Haydon Kerk Motion Solutions, Inc
TERMS AND CONDITIONS OF PURCHASE
1. ACCEPTANCE OF PURCHASE ORDER. BUYER OFFERS TO PURCHASE THE PRODUCTS (“Products”) OR SERVICES (“Services”) DESCRIBED HEREIN ONLY UPON THE TERMS AND CONDITIONS CONTAINED IN THIS PURCHASE ORDER (“Order”). BUYER RESERVES THE RIGHT TO REVOKE THIS ORDER WITHOUT NOTICE. THIS ORDER SHALL BE DEEMED ACCEPTED AND SHALL BECOME A BINDING CONTRACT ON THE TERMS AND CONDITIONS CONTAINED HEREIN WHEN (A) SIGNED AND RETURNED TO SELLER, OR (B) SELLER ISSUES ITS ORAL OR WRITTEN ACKNOWLEDGMENT, OR (C) SELLER COMMENCES PERFORMANCE, OR (D) SELLER OTHERWISE ACCEPTS THIS ORDER. BY ACCEPTING THIS ORDER, SELLER WAIVES ALL TERMS AND CONDITIONS CONTAINED IN ITS QUOTATION, ACKNOWLEDGMENT, INVOICE OR OTHER DOCUMENTS WHICH ARE DIFFERENT FROM OR ADDITIONAL TO THOSE CONTAINED HEREIN, AND ALL SUCH DIFFERENT OR ADDITIONAL TERMS AND CONDITIONS SHALL BE NULL AND VOID.

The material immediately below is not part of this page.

(* Let $\mathcal{F}\subseteq[\omega]^{<\omega}$ be a compact hereditary family covering $\omega$. A vector $y\in X^{\mathcal{F}}$ is an extreme point of the unit ball $B_{X^\mathcal{F}}=\{x\in X^\mathcal{F}:\lVert x\rVert^\mathcal{F}\le1\}$ if and only if there are $F\in\mathcal{F}^{MAX}$ and signs $\varepsilon_i\in\{-1,1\}$ ($i\in F$) such that $y(i)=\varepsilon_i$ for $i\in F$ and $y(i)=0$ for $i\notin F$.
   Context: $\omega=\{1,2,3,\dots\}$; $[\omega]^{<\omega}$ is the family of finite subsets of $\omega$, identified with elements of $2^\omega$; compact means compact in $2^\omega$; hereditary means closed under subsets. A partition is a family $\mathcal{P}\subseteq\mathcal{P}(\omega)$ with $\emptyset\in\mathcal{P}$, $\bigcup\mathcal{P}=\omega$, elements pairwise disjoint; $\mathbb{P}_\mathcal{F}$ is the set of partitions contained in $\mathcal{F}$. For $x\in\mathbb{R}^\omega$, $\lVert x\rVert^{\mathcal{F}}=\inf_{\mathcal{P}\in\mathbb{P}_\mathcal{F}}\sum_{F\in\mathcal{P}}\sup_{k\in F}|x(k)|$. $X^\mathcal{F}=\{x\in\mathbb{R}^\omega:\lim_n\lVert P_{\omega\setminus n}x\rVert^\mathcal{F}=0\}$, where $P_{\omega\setminus n}x$ agrees with $x$ on $\{n+1,\dots\}$ and is zero elsewhere. $\mathcal{F}^{MAX}$ is the set of maximal elements of $\mathcal{F}$, i.e. $F\in\mathcal{F}$ with $F\cup\{k\}\notin\mathcal{F}$ for every $k\in\omega\setminus F$. A point $e$ of a set $K$ (not necessarily convex) is an extreme point of $K$ if there are no $x,z\in K$ different from $e$ and $t\in(0,1)$ with $e=(1-t)x+tz$. *)

theory Defs
  imports "HOL-Analysis.Analysis"
begin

2. SHIPPING INSTRUCTIONS No charges shall be allowed for packing, crating, freight and/or any other shipping services unless so specified in this Order. Seller shall comply with Buyer's shipping instructions. Order number(s) shall appear on all correspondence, shipping labels and shipping documents, including all packing slips, bills of lading, air bills and invoices. All packing slips shall include Buyer’s part number, where applicable, description, quantity, and a statement as to whether the Order is partially or completely filled
3. DELIVERY-NOTICE OF DELAY
(a) Time is of the essence in fulfilling the Order. Failure to deliver in accordance with the delivery schedule under the Order, if not excused, shall be a material breach of the Order. Buyer reserves the right to refuse or return at Seller’s risk and expense shipments made in excess of Buyer’s Order or in advance of required schedules, or to defer payment on advance deliveries until scheduled delivery dates.
(b) Unless otherwise stipulated on this Order, Products shall be shipped FCA with a designated place on the Seller’s side with risk of loss passing to Buyer upon receipt of the Products by Buyer’s designated carrier.
(c) Seller shall notify Buyer in writing immediately of any actual or potential delay in the performance of the Order. Such notice shall include a proposed revised schedule, but such notice and proposal or Buyer’s receipt thereof shall not constitute a waiver of Buyer’s rights and remedies hereunder.
(e) If Seller shall be unable to deliver as scheduled, Buyer may require delivery by fastest way and charges resulting from premium transportation shall be prepaid by the Seller.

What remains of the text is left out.